На мой взгляд поле было нормальным для работы. Да, всё утрамбовано трактором, да ветер и дождь, да вода в отпечатках глинистой почвы. Да, машины и проводники стояли прямо у начала следа, который начинался в 2 метра от асфальта, да первая прямая с ветром на морду. Но всё это не мешало ни мне, ни Кваю. Мы были готовы к любым условиям. У Квая сильный, мотивированный след.  А я уверена в собаке, что при любом раскладе Квай дойдет до конца. След был очень тщательно проложен, можно сказать просто вытоптан! Я удивилась даже, зачем так облегчать условия? Это не соревнования собак с хорошим поиском, это соревнование собак-роботов на легкой поверхности, а концепция оценивание противоречит следовым качествам собак.  Первые три собаки пролетели, не проработав даже первой прямой. Лютого сняли на четвертом угле, не дав собаке найти угол, потому что следующий след был проложен в 10-ти шагах.
Я бегом выгуляла собаку и практически сразу пошла на след. Квай был очень сконцентрирован и просто рвался на след. Начало очень хорошее, внимательно и интенсивно. Почуял вещь за пару метров и увеличил темп. Концетрация должна быть на этих метрах сильнее. Вещь обозначена без замечаний. Далее интенсивно и внимательно. Прошел первый угол на 50 см. Крутанулся 1 раз, нашел угол. (Почему прошёл – осталось загадкой, т.к. он мне явно показывал в угле, что след идет дальше, может Квай не поверил носу и отреагировал на отпечатки трактора ), нашел угол, интенсивно и внимательно идет дальше. 2-ой угол – это был сложный угол из бокового ветра на спину. Его Квай тоже чуть промахнул, тоже не поняла почему. Может я разволновалась на первом и это отразилось на собаке? Прямые внимательно и сконцентрированно. Вещь достаточно быстро и корректно. Третий и четвертый угол – без замечаний. На четвертой прямой Квай чуть приостановился и обнюхал более тщательно отпечаток – полетел сразу штраф!!! Это ненормально со стороны судейства! Вещь без замечаний. 86б.
Потом я уже узнала, что из 10-ти собак на этом поле, след прошли только 4, пролетели сильные собаки из шведской, датской, норвежской сборных, а у Квая был второй результат.))) Лучший результат у финна 90б.
Конечно я была расстроена, потому что  в итоговой таблице будет отражен только результат в 86б. И больше ничего. А если бы все соревновались на этом поле?
(Продолжение следует).

----------


## Tatjana

Видео со следа тоже выложим.

----------


## Ольга Вартанян

*Таня*, очень интересно! Жду продолжения. :Ax: 
И, конечно же, фото от Николая! :Ab:

----------


## Nikolai

> *Таня*, очень интересно! Жду продолжения.
> И, конечно же, фото от Николая!


и конечно же они будут. только не сразу.. надо выбрать

----------


## Nikolai

начал выставлять фотографии с чемпионата мира в Крефельде. 
http://www.canis.ee/gallery2/main.php?g2_itemId=3818
постепенно буду добавлять ещё

----------


## Jevgeni

Коля, фотки классные. Хочется продолжения. Круче чем видео смотреть.

----------


## Nikolai

> Коля, фотки классные. Хочется продолжения. Круче чем видео смотреть.
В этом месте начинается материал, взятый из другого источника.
lemma sem_equiv_alpha_decl:
  assumes fresh: "x' \<notin> fv_decl D" "x' \<notin> bv_decl D"
  shows "sem_equiv_decl (Let u x V D) (Let u x' V (subst_decl (id(x := x')) D))"
proof -
  define \<sigma> :: "nat \<Rightarrow> nat" where "\<sigma> = id(x := x')"
  define D' where "D' = subst_decl \<sigma> D"
  have cf: "capture_free_decl \<sigma> D" by (rule capture_free_if_fresh(2)) (use fresh in \<open>auto simp: \<sigma>_def\<close>)
  have "decl_approx 0 \<Gamma> (Let u x V D) (Let u x' V D') \<alpha> \<and> decl_approx 0 \<Gamma> (Let u x' V D') (Let u x V D) \<alpha>"
    if "ltyp_decl \<Gamma> (Let u x V D) \<alpha>" for \<Gamma> \<alpha>
  proof -
    from that obtain ob where b: "ltyp_binding \<Gamma> u V ob" and tD: "ltyp_decl (\<Gamma>(x := ob)) D \<alpha>"
      by (auto simp: ltyp_Let_iff)
    show ?thesis unfolding decl_approx_def
    proof (intro conjI allI impI)
      fix \<rho> \<rho>' assume env: "env_approx \<Gamma> \<rho> \<rho>'"
      have "env_approx_on \<Gamma> (fv_val V) \<rho> \<rho>'" using env_approx_on_mono[OF env] by simp
      then have "approx T (bind_closure u \<rho> V) (bind_closure u \<rho>' V)" if "ob = Some T" for T
        using b that approx_bind_closure by blast
      with env b have env_x: "env_approx (\<Gamma>(x := ob)) (\<rho>(x := bind_closure u \<rho> V)) (\<rho>'(x := bind_closure u \<rho>' V))"
        by (intro env_approx_bind) auto
      have "env_approx_on (\<Gamma>(x := ob)) (fv_decl D)
          (\<rho>(x := bind_closure u \<rho> V) \<circ> (\<lambda>v. v)) (\<rho>'(x' := bind_closure u \<rho>' V) \<circ> \<sigma>)"
        "env_approx_on (\<Gamma>(x := ob)) (fv_decl D)
          (\<rho>(x' := bind_closure u \<rho> V) \<circ> \<sigma>) (\<rho>'(x := bind_closure u \<rho>' V) \<circ> (\<lambda>v. v))"
        by (rule env_approx_on_cong[OF env_approx_on_mono[OF env_x]]; use fresh in \<open>auto simp: \<sigma>_def\<close>)+
      from fundamental(1)[OF tD capture_free_id(2) cf this(1)] fundamental(1)[OF tD cf capture_free_id(2) this(2)]
      show "approx_ev 0 \<alpha> (ev_decl \<rho> (Let u x V D)) (ev_decl \<rho>' (Let u x' V D'))"
        "approx_ev 0 \<alpha> (ev_decl \<rho> (Let u x' V D')) (ev_decl \<rho>' (Let u x V D))"
        unfolding D'_def by (simp_all add: approx_ev_Let)
    qed
  qed
  moreover have "ltyp_decl \<Gamma> (Let u x V D) \<alpha> \<longleftrightarrow> ltyp_decl \<Gamma> (Let u x' V D') \<alpha>" for \<Gamma> \<alpha>
    using ltyp_rename_bound[OF fresh] by (simp add: ltyp_Let_iff D'_def \<sigma>_def)
  ultimately show ?thesis unfolding sem_equiv_decl_def D'_def \<sigma>_def by blast
qed

lemma sem_equiv_Lam: "sem_equiv_decl D D' \<Longrightarrow> sem_equiv_val (Lam ys D) (Lam ys D')"
  unfolding sem_equiv_decl_def sem_equiv_val_def ltyp_Lam_iff by (metis val_approx_Lam)

lemma sem_equiv_Let:
  assumes V: "sem_equiv_val V V'" and D: "sem_equiv_decl D D'"
  shows "sem_equiv_decl (Let u x V D) (Let u x V' D')"
proof -
  have binding: "ltyp_binding \<Gamma> u V ob \<longleftrightarrow> ltyp_binding \<Gamma> u V' ob" for \<Gamma> ob
    using V by (simp add: ltyp_binding_def sem_equiv_val_def split: option.splits)
  have "decl_approx 0 \<Gamma> (Let u x V D) (Let u x V' D') \<alpha> \<and> decl_approx 0 \<Gamma> (Let u x V' D') (Let u x V D) \<alpha>"
    if "ltyp_decl \<Gamma> (Let u x V D) \<alpha>" for \<Gamma> \<alpha>
  proof -
    from that obtain ob where b: "ltyp_binding \<Gamma> u V ob" and t: "ltyp_decl (\<Gamma>(x := ob)) D \<alpha>"
      by (auto simp: ltyp_Let_iff)
    have "val_approx \<Gamma> V V' T \<and> val_approx \<Gamma> V' V T" if "ob = Some T" "u \<noteq> UZero" for T
      using b that V by (auto simp: ltyp_binding_def sem_equiv_val_def)
    moreover have "decl_approx 0 (\<Gamma>(x := ob)) D D' \<alpha> \<and> decl_approx 0 (\<Gamma>(x := ob)) D' D \<alpha>"
      using t D by (simp add: sem_equiv_decl_def)
    ultimately show ?thesis using b binding by (metis decl_approx_Let)
  qed
  then show ?thesis using D binding by (simp add: sem_equiv_decl_def ltyp_Let_iff)
qed

lemma cong_sem_equiv: "cong_val V V' \<Longrightarrow> sem_equiv_val V V'" "cong_decl D D' \<Longrightarrow> sem_equiv_decl D D'"
proof (induction rule: cong_val_cong_decl.inducts)
  case (cv_refl V)
  then show ?case by (simp add: sem_equiv_val_def val_approx_refl)
next
  case (cv_sym V W)
  then show ?case by (auto simp: sem_equiv_val_def)
next
  case (cv_trans U V W)
  then show ?case unfolding sem_equiv_val_def by (metis val_approx_trans)
next
  case (cd_refl D)
  then show ?case by (simp add: sem_equiv_decl_def decl_approx_refl)
next
  case (cd_sym D E)
  then show ?case by (auto simp: sem_equiv_decl_def)
next
  case (cd_trans C D E)
  then show ?case unfolding sem_equiv_decl_def by (metis decl_approx_trans add_0)
next
  case (cv_lam D D' ys)
  from cv_lam.IH show ?case by (rule sem_equiv_Lam)
next
  case (cd_let V V' D D' u x)
  from cd_let.IH show ?case by (rule sem_equiv_Let)
next
  case (cv_alpha ys' ys D)
  then show ?case by (rule sem_equiv_alpha_val)
next
  case (cd_alpha x' D x u V)
  then show ?case by (rule sem_equiv_alpha_decl)
next
  case (cd_swap x1 x2 V2 V1 u1 u2 D)
  then show ?case by (rule sem_equiv_swap)
next
  case (cd_gc x D V u)
  from cd_gc.hyps(1) show ?case by (rule sem_equiv_gc)
qed

section \<open>Reduction decreases the cost\<close>

definition lets :: "binding list \<Rightarrow> decl \<Rightarrow> decl" where
  "lets L D = foldr (\<lambda>(u, x, V) D. Let u x V D) L D"

lemma lets_simps[simp]: "lets [] D = D" "lets ((u, x, V) # L) D = Let u x V (lets L D)"
  by (simp_all add: lets_def)

lemma lets_append[simp]: "lets (L1 @ L2) D = lets L1 (lets L2 D)"
  by (simp add: lets_def)

lemma mk_decl_eq_lets: "mk_decl L M = lets L (Body M)"
  by (simp add: mk_decl_def lets_def)

lemma lets_lets_of_body_of: "lets (lets_of D) (Body (body_of D)) = D"
  by (induction D rule: lets_of.induct) auto

lemma binders_simps[simp]: "binders [] = {}" "binders ((u, x, V) # L) = insert x (binders L)"
  by (auto simp: binders_def)

lemma binders_lets_of_subst[simp]: "binders (lets_of (subst_decl \<sigma> D)) = binders (lets_of D)"
  by (induction D arbitrary: \<sigma> rule: lets_of.induct) auto

fun ltyp_lets :: "env \<Rightarrow> binding list \<Rightarrow> env \<Rightarrow> bool" where
  "ltyp_lets \<Gamma> [] \<Gamma>' \<longleftrightarrow> \<Gamma>' = \<Gamma>"
| "ltyp_lets \<Gamma> ((u, x, V) # L) \<Gamma>' \<longleftrightarrow> (\<exists>ob. ltyp_binding \<Gamma> u V ob \<and> ltyp_lets (\<Gamma>(x := ob)) L \<Gamma>')"

fun env_lets :: "(nat \<Rightarrow> clo) \<Rightarrow> binding list \<Rightarrow> nat \<Rightarrow> clo" where
  "env_lets \<rho> [] = \<rho>"
| "env_lets \<rho> ((u, x, V) # L) = env_lets (\<rho>(x := bind_closure u \<rho> V)) L"

lemma ltyp_lets_iff: "ltyp_decl \<Gamma> (lets L D) \<alpha> \<longleftrightarrow> (\<exists>\<Gamma>'. ltyp_lets \<Gamma> L \<Gamma>' \<and> ltyp_decl \<Gamma>' D \<alpha>)"
proof (induction L arbitrary: \<Gamma>)
  case (Cons b L)
  obtain u x V where b: "b = (u, x, V)" by (cases b)
  show ?case unfolding b lets_simps ltyp_Let_iff Cons.IH ltyp_lets.simps by blast
qed simp

lemma ev_lets_iff: "ev_decl \<rho> (lets L D) n r \<longleftrightarrow> ev_decl (env_lets \<rho> L) D n r"
proof (induction L arbitrary: \<rho>)
  case (Cons b L)
  obtain u x V where b: "b = (u, x, V)" by (cases b)
  show ?case unfolding b lets_simps ev_Let_iff Cons.IH env_lets.simps ..
qed simp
спасибо.. я скоро выложу ещё. маленькими партиями выкладывать не хочу, а большую партию ещё не успел подготовить. скоро скоро.

----------


## Nikolai

добавлено ещё 156 фотографий с чемпионата. ждите продолжения.

----------


## jarvenmaa

> Коля, фотки классные. Хочется продолжения. Круче чем видео смотреть.


Точно! :Ay:

----------


## Tatjana

Прочитала перевод оценивания защиты Квая только сейчас, потому что тот негатив, который я получила во время ЧМ вроде как стал проходить...:
Я дописала еще и баллы, которые максимально должны были быть сняты, судя по описанию.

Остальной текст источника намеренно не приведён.